TASK ITEM:
Output only an exact transcription of the line containing "(\<forall>(h', \<rho>')\<in>admissible. Qfun" and all lines that follow it in the data below.

SUPPLIED MATERIAL:
(* Let $\mu$ be a function on Borel subsets of $\mathbf{S}^n$ such that (i) $\mu$ is nonnegative and countably additive; (ii) $\mu(\mathbf{S}^n)=\sigma(\mathbf{S}^n)$; (iii) $\mu(\mathbf{S}^n\setminus\omega)>\sigma(\omega^* )$ for every spherically convex subset $\omega\subset\mathbf{S}^n$, $\omega\neq\mathbf{S}^n$. Then the pair $(\tilde h,\tilde\rho)\in\mathcal{A}$ minimizing $\mathcal{Q}$ over $\mathcal{A}$ (consisting of the support and radial functions of a closed convex hypersurface in $\mathcal{F}^n$) is unique up to rescaling: if $(h_1,\rho_1)$ and $(h_2,\rho_2)$ are two such minimizing pairs, then $(h_2,\rho_2)=(ch_1,c\rho_1)$ for some constant $c>0$.
   Context: $\mathbf{S}^n$ is the unit sphere in $\mathbb{R}^{n+1}$, $n\ge1$, centered at the origin $\mathcal{O}$; $\sigma$ is the standard Lebesgue measure on $\mathbf{S}^n$; $\omega^*=\{y\in\mathbf{S}^n:\langle x,y\rangle\le0\ \forall x\in\omega\}$. $\mathcal{F}^n$ is the set of boundaries of compact convex sets in $\mathbb{R}^{n+1}$ containing $\mathcal{O}$ in their interior; for $F\in\mathcal{F}^n$, its radial function $\rho(x)$ is the distance from $\mathcal{O}$ to the point where the ray in direction $x\in\mathbf{S}^n$ meets $F$, and its support function is $h(N)=\sup_{x}\rho(x)\langle x,N\rangle$. $\mathcal{A}=\{(h,\rho)\in C(\mathbf{S}^n)\times C(\mathbf{S}^n): h>0,\rho>0,\ \log h(N)-\log\rho(x)\ge\log\langle x,N\rangle$ whenever $\langle x,N\rangle>0\}$ and $\mathcal{Q}[h,\rho]=\int_{\mathbf{S}^n}\log h\,d\sigma-\int_{\mathbf{S}^n}\log\rho\,d\mu$. *)

theory Defs
  imports "HOL-Analysis.Analysis"
begin

text \<open>Ambient space R^(n+1) is a euclidean_space type 'a; S^n = sphere 0 1.\<close>

text \<open>Standard (Lebesgue) surface measure sigma on the unit sphere, defined via the cone
  construction: sigma(A) = (n+1) * vol{t x : 0 < t <= 1, x in A}, on Borel subsets of S^n.\<close>
definition sphere_measure :: "'a::euclidean_space measure" where
  "sphere_measure = measure_of (sphere 0 1) (sets (restrict_space borel (sphere (0::'a) 1)))
     (\<lambda>A. of_nat DIM('a) * emeasure lborel {t *\<^sub>R x | t x. t \<in> {0<..1} \<and> x \<in> A})"

definition polar_sph :: "'a::euclidean_space set \<Rightarrow> 'a set" where
  "polar_sph \<omega> = {y \<in> sphere 0 1. \<forall>x\<in>\<omega>. inner x y \<le> 0}"

definition sph_convex :: "'a::euclidean_space set \<Rightarrow> bool" where
  "sph_convex \<omega> \<longleftrightarrow> \<omega> \<subseteq> sphere 0 1 \<and> convex {t *\<^sub>R x | t x. 0 \<le> t \<and> x \<in> \<omega>}"

definition hypersurfaces :: "'a::euclidean_space set set" where
  "hypersurfaces = {frontier K | K. compact K \<and> convex K \<and> 0 \<in> interior K}"

definition radial_fun :: "'a::euclidean_space set \<Rightarrow> 'a \<Rightarrow> real" where
  "radial_fun F x = (THE t. t > 0 \<and> t *\<^sub>R x \<in> F)"

definition support_fun :: "'a::euclidean_space set \<Rightarrow> 'a \<Rightarrow> real" where
  "support_fun F N = (SUP x\<in>sphere 0 1. radial_fun F x * inner x N)"

definition admissible :: "(('a::euclidean_space \<Rightarrow> real) \<times> ('a \<Rightarrow> real)) set" where
  "admissible = {(h, \<rho>). continuous_on (sphere 0 1) h \<and> continuous_on (sphere 0 1) \<rho> \<and>
      (\<forall>x\<in>sphere 0 1. h x > 0 \<and> \<rho> x > 0) \<and>
      (\<forall>x\<in>sphere 0 1. \<forall>N\<in>sphere 0 1. inner x N > 0 \<longrightarrow>
          ln (h N) - ln (\<rho> x) \<ge> ln (inner x N))}"

definition Qfun :: "'a::euclidean_space measure \<Rightarrow> ('a \<Rightarrow> real) \<Rightarrow> ('a \<Rightarrow> real) \<Rightarrow> real" where
  "Qfun \<mu> h \<rho> = (\<integral>x. ln (h x) \<partial>sphere_measure) - (\<integral>x. ln (\<rho> x) \<partial>\<mu>)"

definition is_Q_minimizer :: "'a::euclidean_space measure \<Rightarrow> ('a \<Rightarrow> real) \<Rightarrow> ('a \<Rightarrow> real) \<Rightarrow> bool" where
  "is_Q_minimizer \<mu> h \<rho> \<longleftrightarrow> (h, \<rho>) \<in> admissible \<and>
      (\<forall>(h', \<rho>')\<in>admissible. Qfun \<mu> h \<rho> \<le> Qfun \<mu> h' \<rho>')"

definition is_body_pair :: "('a::euclidean_space \<Rightarrow> real) \<Rightarrow> ('a \<Rightarrow> real) \<Rightarrow> bool" where
  "is_body_pair h \<rho> \<longleftrightarrow> (\<exists>F\<in>hypersurfaces. \<forall>x\<in>sphere 0 1.
      \<rho> x = radial_fun F x \<and> h x = support_fun F x)"

end

theory Submission
  imports Defs
begin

WORKED SOLUTION:
      (\<forall>(h', \<rho>')\<in>admissible. Qfun \<mu> h \<rho> \<le> Qfun \<mu> h' \<rho>')"

definition is_body_pair :: "('a::euclidean_space \<Rightarrow> real) \<Rightarrow> ('a \<Rightarrow> real) \<Rightarrow> bool" where
  "is_body_pair h \<rho> \<longleftrightarrow> (\<exists>F\<in>hypersurfaces. \<forall>x\<in>sphere 0 1.
      \<rho> x = radial_fun F x \<and> h x = support_fun F x)"

end

theory Submission
  imports Defs
begin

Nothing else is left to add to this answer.